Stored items
========================
(* A piece through y lies in the ball up to finitely many points; connectedness removes them. *)
lemma pieces_at_shrink:
  assumes "y \<in> M" "0 < \<epsilon>"
  obtains n where "\<And>P. P \<in> pieces m A f n \<Longrightarrow> y \<in> P \<Longrightarrow> P \<subseteq> mcball y \<epsilon>"
proof -
  obtain n where n: "X interior_of (\<Union>{P \<in> pieces m A f n. y \<in> P}) \<subseteq> mball y \<epsilon>"
    using expanding assms X_eq unfolding top_expanding_def by (metis centre_in_mball_iff openin_mball topspace_mtopology)
  have "nbhd n y \<subseteq> mball y \<epsilon>"
    using interior_of_maximal[OF nbhd_subset_star openin_nbhd] n by blast
  then have "P \<subseteq> mcball y \<epsilon>" if "P \<in> pieces m A f n" "y \<in> P" for P
    using connectedin_subset_mcball[of P y \<epsilon> "P - nbhd n y"] connectedin_pieces[OF that(1)]
      finite_piece_Diff_nbhd[OF that] that(2) assms(2) X_eq by auto
  then show ?thesis
    using that by blast
qed
definition simple_graph :: "'a set \<Rightarrow> ('a \<Rightarrow> 'a \<Rightarrow> bool) \<Rightarrow> bool" where
  "simple_graph V E \<longleftrightarrow> finite V \<and> V \<noteq> {} \<and>
     (\<forall>x y. E x y \<longrightarrow> x \<in> V \<and> y \<in> V) \<and>
     (\<forall>x y. E x y \<longrightarrow> E y x) \<and> (\<forall>x. \<not> E x x)"

definition connected_graph :: "'a set \<Rightarrow> ('a \<Rightarrow> 'a \<Rightarrow> bool) \<Rightarrow> bool" where
  "connected_graph V E \<longleftrightarrow>
     (\<forall>x\<in>V. \<forall>y\<in>V. \<exists>p. walk E p \<and> hd p = x \<and> last p = y)"

definition gdist :: "('a \<Rightarrow> 'a \<Rightarrow> bool) \<Rightarrow> 'a \<Rightarrow> 'a \<Rightarrow> nat" where
  "gdist E x y = (LEAST n. \<exists>p. walk E p \<and> hd p = x \<and> last p = y \<and> length p = Suc n)"

definition distance_regular ::
  "'a set \<Rightarrow> ('a \<Rightarrow> 'a \<Rightarrow> bool) \<Rightarrow> nat \<Rightarrow> (nat \<Rightarrow> nat) \<Rightarrow> (nat \<Rightarrow> nat) \<Rightarrow> bool" where
  "distance_regular V E D bi ci \<longleftrightarrow>
     simple_graph V E \<and> connected_graph V E \<and>
     (\<forall>x\<in>V. \<forall>y\<in>V. gdist E x y \<le> D) \<and>
     (\<exists>x\<in>V. \<exists>y\<in>V. gdist E x y = D) \<and>
     (\<forall>x\<in>V. \<forall>y\<in>V. gdist E x y < D \<longrightarrow>
        card {z\<in>V. E y z \<and> gdist E x z = gdist E x y + 1} = bi (gdist E x y)) \<and>
     (\<forall>x\<in>V. \<forall>y\<in>V. 1 \<le> gdist E x y \<longrightarrow>
        card {z\<in>V. E y z \<and> gdist E x z + 1 = gdist E x y} = ci (gdist E x y))"

(* Gaussian integer [j] = (b^j - 1)/(b - 1) *)
definition qint :: "int \<Rightarrow> nat \<Rightarrow> real" where
  "qint b j = (real_of_int b ^ j - 1) / (real_of_int b - 1)"

definition classical_parameters ::
  "(nat \<Rightarrow> nat) \<Rightarrow> (nat \<Rightarrow> nat) \<Rightarrow> nat \<Rightarrow> int \<Rightarrow> real \<Rightarrow> real \<Rightarrow> bool" where
  "classical_parameters bi ci D b \<alpha> \<beta> \<longleftrightarrow> b \<noteq> 1 \<and>
     (\<forall>i<D. real (bi i) = (qint b D - qint b i) * (\<beta> - \<alpha> * qint b i)) \<and>
     (\<forall>i. 1 \<le> i \<and> i \<le> D \<longrightarrow> real (ci i) = qint b i * (1 + \<alpha> * qint b (i - 1)))"

definition is_clique :: "'a set \<Rightarrow> ('a \<Rightarrow> 'a \<Rightarrow> bool) \<Rightarrow> 'a set \<Rightarrow> bool" where
  "is_clique V E C \<longleftrightarrow> C \<subseteq> V \<and> (\<forall>x\<in>C. \<forall>y\<in>C. x \<noteq> y \<longrightarrow> E x y)"

definition maximal_clique :: "'a set \<Rightarrow> ('a \<Rightarrow> 'a \<Rightarrow> bool) \<Rightarrow> 'a set \<Rightarrow> bool" where
  "maximal_clique V E C \<longleftrightarrow> is_clique V E C \<and> (\<forall>C'. is_clique V E C' \<and> C \<subseteq> C' \<longrightarrow> C' = C)"

definition lines :: "'a set \<Rightarrow> ('a \<Rightarrow> 'a \<Rightarrow> bool) \<Rightarrow> nat \<Rightarrow> 'a set set" where
  "lines V E \<gamma> = {C. maximal_clique V E C \<and> card C \<ge> \<gamma>}"

definition partial_linear_space :: "'a set \<Rightarrow> 'a set set \<Rightarrow> bool" where
  "partial_linear_space P L \<longleftrightarrow> (\<forall>C\<in>L. C \<subseteq> P) \<and>
     (\<forall>x\<in>P. \<forall>y\<in>P. x \<noteq> y \<longrightarrow>
        (\<forall>C1\<in>L. \<forall>C2\<in>L. x \<in> C1 \<and> y \<in> C1 \<and> x \<in> C2 \<and> y \<in> C2 \<longrightarrow> C1 = C2))"

definition is_point_graph :: "'a set \<Rightarrow> ('a \<Rightarrow> 'a \<Rightarrow> bool) \<Rightarrow> 'a set set \<Rightarrow> bool" where
  "is_point_graph V E L \<longleftrightarrow>
     (\<forall>x\<in>V. \<forall>y\<in>V. x \<noteq> y \<longrightarrow> (E x y \<longleftrightarrow> (\<exists>C\<in>L. x \<in> C \<and> y \<in> C)))"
========================
Of the entries listed above, reproduce only the lines starting at the line containing "nat \<Rightarrow> (nat" and ending at the line containing "(\<exists>x\<in>V. \<exists>y\<in>V. gdist". Include both, exactly as they stand.

  "'a set \<Rightarrow> ('a \<Rightarrow> 'a \<Rightarrow> bool) \<Rightarrow> nat \<Rightarrow> (nat \<Rightarrow> nat) \<Rightarrow> (nat \<Rightarrow> nat) \<Rightarrow> bool" where
  "distance_regular V E D bi ci \<longleftrightarrow>
     simple_graph V E \<and> connected_graph V E \<and>
     (\<forall>x\<in>V. \<forall>y\<in>V. gdist E x y \<le> D) \<and>
     (\<exists>x\<in>V. \<exists>y\<in>V. gdist E x y = D) \<and>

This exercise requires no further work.